- [Entries shown]:
══════════════════════════════

(* Let $q\in(0,1)$, $\alpha\in(-1,1)$, $\beta<1$ real, and $n\ge-1$ an integer. Then $\psi_n^+$ is analytic in the punctured unit disc $\{z\in\mathbb{C}:0<|z|<1\}$, and its zeros there are all real, simple, and symmetrically distributed with respect to the origin. Moreover, between any two neighboring zeros of $\psi_n^+$ in $(0,1)$ there is exactly one zero of $\psi_{n+1}^+$.
   Context: $(a;q)_n:=\prod_{j=0}^{n-1}(1-aq^j)$, $n\in\mathbb{N}_0\cup\{\infty\}$. For $z\ne0$ and integers $n\ge-1$, \[ \psi_n^+(z):=z^n\sum_{k=0}^\infty\frac{(q^{k+1}z^2;q)_\infty}{(q;q)_k}c_k(z)q^{(n+1)k},\qquad c_k(z):=\prod_{j=0}^{k-1}\bigl(\alpha(1+z^2q^{2j})-\beta q^j(1+z^2)\bigr), \] i.e. $\psi_n^+(z)=z^n(qz^2;q)_\infty\,{}_2\phi_1(z\tau,z\tau^{-1};qz^2;q,\alpha q^{n+1})$ with $\alpha(\tau+\tau^{-1})=\beta(z+z^{-1})$. *)

theory Defs
  imports "HOL-Complex_Analysis.Complex_Analysis"
begin

definition qpoch :: "complex \<Rightarrow> complex \<Rightarrow> nat \<Rightarrow> complex" where
  "qpoch a q n = (\<Prod>j<n. 1 - a * q ^ j)"

definition qpoch_inf :: "complex \<Rightarrow> complex \<Rightarrow> complex" where
  "qpoch_inf a q = (\<Prod>j. 1 - a * q ^ j)"

definition cfun :: "real \<Rightarrow> real \<Rightarrow> real \<Rightarrow> nat \<Rightarrow> complex \<Rightarrow> complex" where
  "cfun q \<alpha> \<beta> k z = (\<Prod>j<k. of_real \<alpha> * (1 + z\<^sup>2 * of_real q ^ (2*j))
        - of_real \<beta> * of_real q ^ j * (1 + z\<^sup>2))"
lemma real_not_isolated_cover:
  fixes V :: "nat \<Rightarrow> real set"
  shows "\<exists>y. \<forall>i<m. y \<in> V i \<longrightarrow> (\<exists>t. 1 < \<bar>y - t\<bar> \<and> t \<in> V i)"
proof (rule ccontr)
  assume "\<not> ?thesis"
  then obtain f where f: "\<And>y. f y < m \<and> y \<in> V (f y) \<and> (\<forall>t. 1 < \<bar>y - t\<bar> \<longrightarrow> t \<notin> V (f y))"
    by metis
  have "\<not> inj_on (\<lambda>k. f (2 * real k)) {..m}"
  proof
    assume "inj_on (\<lambda>k. f (2 * real k)) {..m}"
    then have "card {..m} \<le> card {..<m}"
      using f by (intro card_inj_on_le) auto
    then show False by simp
  qed
  then obtain k l where "k \<noteq> l" "f (2 * real k) = f (2 * real l)"
    unfolding inj_on_def by blast
  moreover have "1 < \<bar>2 * real k - 2 * real l\<bar>"
    using \<open>k \<noteq> l\<close> by (cases "k < l") auto
  ultimately show False using f by metis
qed

lemma cover_fm_in_LogR: "cover_fm m \<in> LogR"
proof -
  have "sat V x (cover_fm m)" for V x
  proof -
    obtain y where "\<forall>i<m. y \<in> V i \<longrightarrow> (\<exists>t. 1 < \<bar>y - t\<bar> \<and> t \<in> V i)"
      using real_not_isolated_cover by blast
    moreover have "1 < \<bar>x - (\<bar>x\<bar> + \<bar>y\<bar> + 2)\<bar>" "1 < \<bar>(\<bar>x\<bar> + \<bar>y\<bar> + 2) - y\<bar>"
      by auto
    ultimately have "\<exists>z. 1 < \<bar>x - z\<bar> \<and> (\<exists>y. 1 < \<bar>z - y\<bar> \<and>
        (\<forall>i<m. y \<in> V i \<longrightarrow> (\<exists>t. 1 < \<bar>y - t\<bar> \<and> t \<in> V i)))"
      by blast
    then show ?thesis
      by (simp add: sat_iff_satK cover_fm_def satK_isolated_disj Neg_def) blast
  qed
  then show ?thesis by (simp add: LogR_def)
qed

lemma cover_fm_fails_on_clique: "\<not> satK (clique m) (\<lambda>i. {i}) w (cover_fm m)"
  by (auto simp: cover_fm_def satK_isolated_disj clique_def Neg_def)

theorem proposition5p1:
  shows "(\<forall>Phi. KPlus Phi = LogR \<longrightarrow> infinite (\<Union>f\<in>Phi. vars f))
         \<and> \<not> finitely_axiomatizable LogR"
proof -
  have infinite_vars: "infinite (\<Union>f\<in>Phi. vars f)" if L: "KPlus Phi = LogR" for Phi
  proof
    assume fin: "finite (\<Union>f\<in>Phi. vars f)"
    define m where "m = Suc (2 ^ card (\<Union>f\<in>Phi. vars f))"
    have "\<forall>g\<in>Phi. valid_on {..<m} (clique m) g"
    proof
      fix g assume "g \<in> Phi"
      then have "g \<in> LogR" "vars g \<subseteq> (\<Union>f\<in>Phi. vars f)"
        using L KPlus.ax_Phi by blast+
      then show "valid_on {..<m} (clique m) g"
        by (intro LogR_valid_on_clique[OF fin]) (simp_all add: m_def)
    qed
    then have "valid_on {..<m} (clique m) (cover_fm m)"
      by (intro KPlus_sound) (auto simp: L cover_fm_in_LogR clique_def)
    then show False
      using cover_fm_fails_on_clique by (auto simp: valid_on_def m_def)
  qed
  moreover have "\<not> finitely_axiomatizable LogR"
    using infinite_vars finite_vars by (auto simp: finitely_axiomatizable_def)
  ultimately show ?thesis by blast
qed

end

══════════════════════════════

- [Exercise description]: Reproduce the entire listing. Keep every word as it is.

- [Reply to the task]:
(* Let $q\in(0,1)$, $\alpha\in(-1,1)$, $\beta<1$ real, and $n\ge-1$ an integer. Then $\psi_n^+$ is analytic in the punctured unit disc $\{z\in\mathbb{C}:0<|z|<1\}$, and its zeros there are all real, simple, and symmetrically distributed with respect to the origin. Moreover, between any two neighboring zeros of $\psi_n^+$ in $(0,1)$ there is exactly one zero of $\psi_{n+1}^+$.
   Context: $(a;q)_n:=\prod_{j=0}^{n-1}(1-aq^j)$, $n\in\mathbb{N}_0\cup\{\infty\}$. For $z\ne0$ and integers $n\ge-1$, \[ \psi_n^+(z):=z^n\sum_{k=0}^\infty\frac{(q^{k+1}z^2;q)_\infty}{(q;q)_k}c_k(z)q^{(n+1)k},\qquad c_k(z):=\prod_{j=0}^{k-1}\bigl(\alpha(1+z^2q^{2j})-\beta q^j(1+z^2)\bigr), \] i.e. $\psi_n^+(z)=z^n(qz^2;q)_\infty\,{}_2\phi_1(z\tau,z\tau^{-1};qz^2;q,\alpha q^{n+1})$ with $\alpha(\tau+\tau^{-1})=\beta(z+z^{-1})$. *)

theory Defs
  imports "HOL-Complex_Analysis.Complex_Analysis"
begin

definition qpoch :: "complex \<Rightarrow> complex \<Rightarrow> nat \<Rightarrow> complex" where
  "qpoch a q n = (\<Prod>j<n. 1 - a * q ^ j)"

definition qpoch_inf :: "complex \<Rightarrow> complex \<Rightarrow> complex" where
  "qpoch_inf a q = (\<Prod>j. 1 - a * q ^ j)"

definition cfun :: "real \<Rightarrow> real \<Rightarrow> real \<Rightarrow> nat \<Rightarrow> complex \<Rightarrow> complex" where
  "cfun q \<alpha> \<beta> k z = (\<Prod>j<k. of_real \<alpha> * (1 + z\<^sup>2 * of_real q ^ (2*j))
        - of_real \<beta> * of_real q ^ j * (1 + z\<^sup>2))"
lemma real_not_isolated_cover:
  fixes V :: "nat \<Rightarrow> real set"
  shows "\<exists>y. \<forall>i<m. y \<in> V i \<longrightarrow> (\<exists>t. 1 < \<bar>y - t\<bar> \<and> t \<in> V i)"
proof (rule ccontr)
  assume "\<not> ?thesis"
  then obtain f where f: "\<And>y. f y < m \<and> y \<in> V (f y) \<and> (\<forall>t. 1 < \<bar>y - t\<bar> \<longrightarrow> t \<notin> V (f y))"
    by metis
  have "\<not> inj_on (\<lambda>k. f (2 * real k)) {..m}"
  proof
    assume "inj_on (\<lambda>k. f (2 * real k)) {..m}"
    then have "card {..m} \<le> card {..<m}"
      using f by (intro card_inj_on_le) auto
    then show False by simp
  qed
  then obtain k l where "k \<noteq> l" "f (2 * real k) = f (2 * real l)"
    unfolding inj_on_def by blast
  moreover have "1 < \<bar>2 * real k - 2 * real l\<bar>"
    using \<open>k \<noteq> l\<close> by (cases "k < l") auto
  ultimately show False using f by metis
qed

lemma cover_fm_in_LogR: "cover_fm m \<in> LogR"
proof -
  have "sat V x (cover_fm m)" for V x
  proof -
    obtain y where "\<forall>i<m. y \<in> V i \<longrightarrow> (\<exists>t. 1 < \<bar>y - t\<bar> \<and> t \<in> V i)"
      using real_not_isolated_cover by blast
    moreover have "1 < \<bar>x - (\<bar>x\<bar> + \<bar>y\<bar> + 2)\<bar>" "1 < \<bar>(\<bar>x\<bar> + \<bar>y\<bar> + 2) - y\<bar>"
      by auto
    ultimately have "\<exists>z. 1 < \<bar>x - z\<bar> \<and> (\<exists>y. 1 < \<bar>z - y\<bar> \<and>
        (\<forall>i<m. y \<in> V i \<longrightarrow> (\<exists>t. 1 < \<bar>y - t\<bar> \<and> t \<in> V i)))"
      by blast
    then show ?thesis
      by (simp add: sat_iff_satK cover_fm_def satK_isolated_disj Neg_def) blast
  qed
  then show ?thesis by (simp add: LogR_def)
qed

lemma cover_fm_fails_on_clique: "\<not> satK (clique m) (\<lambda>i. {i}) w (cover_fm m)"
  by (auto simp: cover_fm_def satK_isolated_disj clique_def Neg_def)

theorem proposition5p1:
  shows "(\<forall>Phi. KPlus Phi = LogR \<longrightarrow> infinite (\<Union>f\<in>Phi. vars f))
         \<and> \<not> finitely_axiomatizable LogR"
proof -
  have infinite_vars: "infinite (\<Union>f\<in>Phi. vars f)" if L: "KPlus Phi = LogR" for Phi
  proof
    assume fin: "finite (\<Union>f\<in>Phi. vars f)"
    define m where "m = Suc (2 ^ card (\<Union>f\<in>Phi. vars f))"
    have "\<forall>g\<in>Phi. valid_on {..<m} (clique m) g"
    proof
      fix g assume "g \<in> Phi"
      then have "g \<in> LogR" "vars g \<subseteq> (\<Union>f\<in>Phi. vars f)"
        using L KPlus.ax_Phi by blast+
      then show "valid_on {..<m} (clique m) g"
        by (intro LogR_valid_on_clique[OF fin]) (simp_all add: m_def)
    qed
    then have "valid_on {..<m} (clique m) (cover_fm m)"
      by (intro KPlus_sound) (auto simp: L cover_fm_in_LogR clique_def)
    then show False
      using cover_fm_fails_on_clique by (auto simp: valid_on_def m_def)
  qed
  moreover have "\<not> finitely_axiomatizable LogR"
    using infinite_vars finite_vars by (auto simp: finitely_axiomatizable_def)
  ultimately show ?thesis by blast
qed

end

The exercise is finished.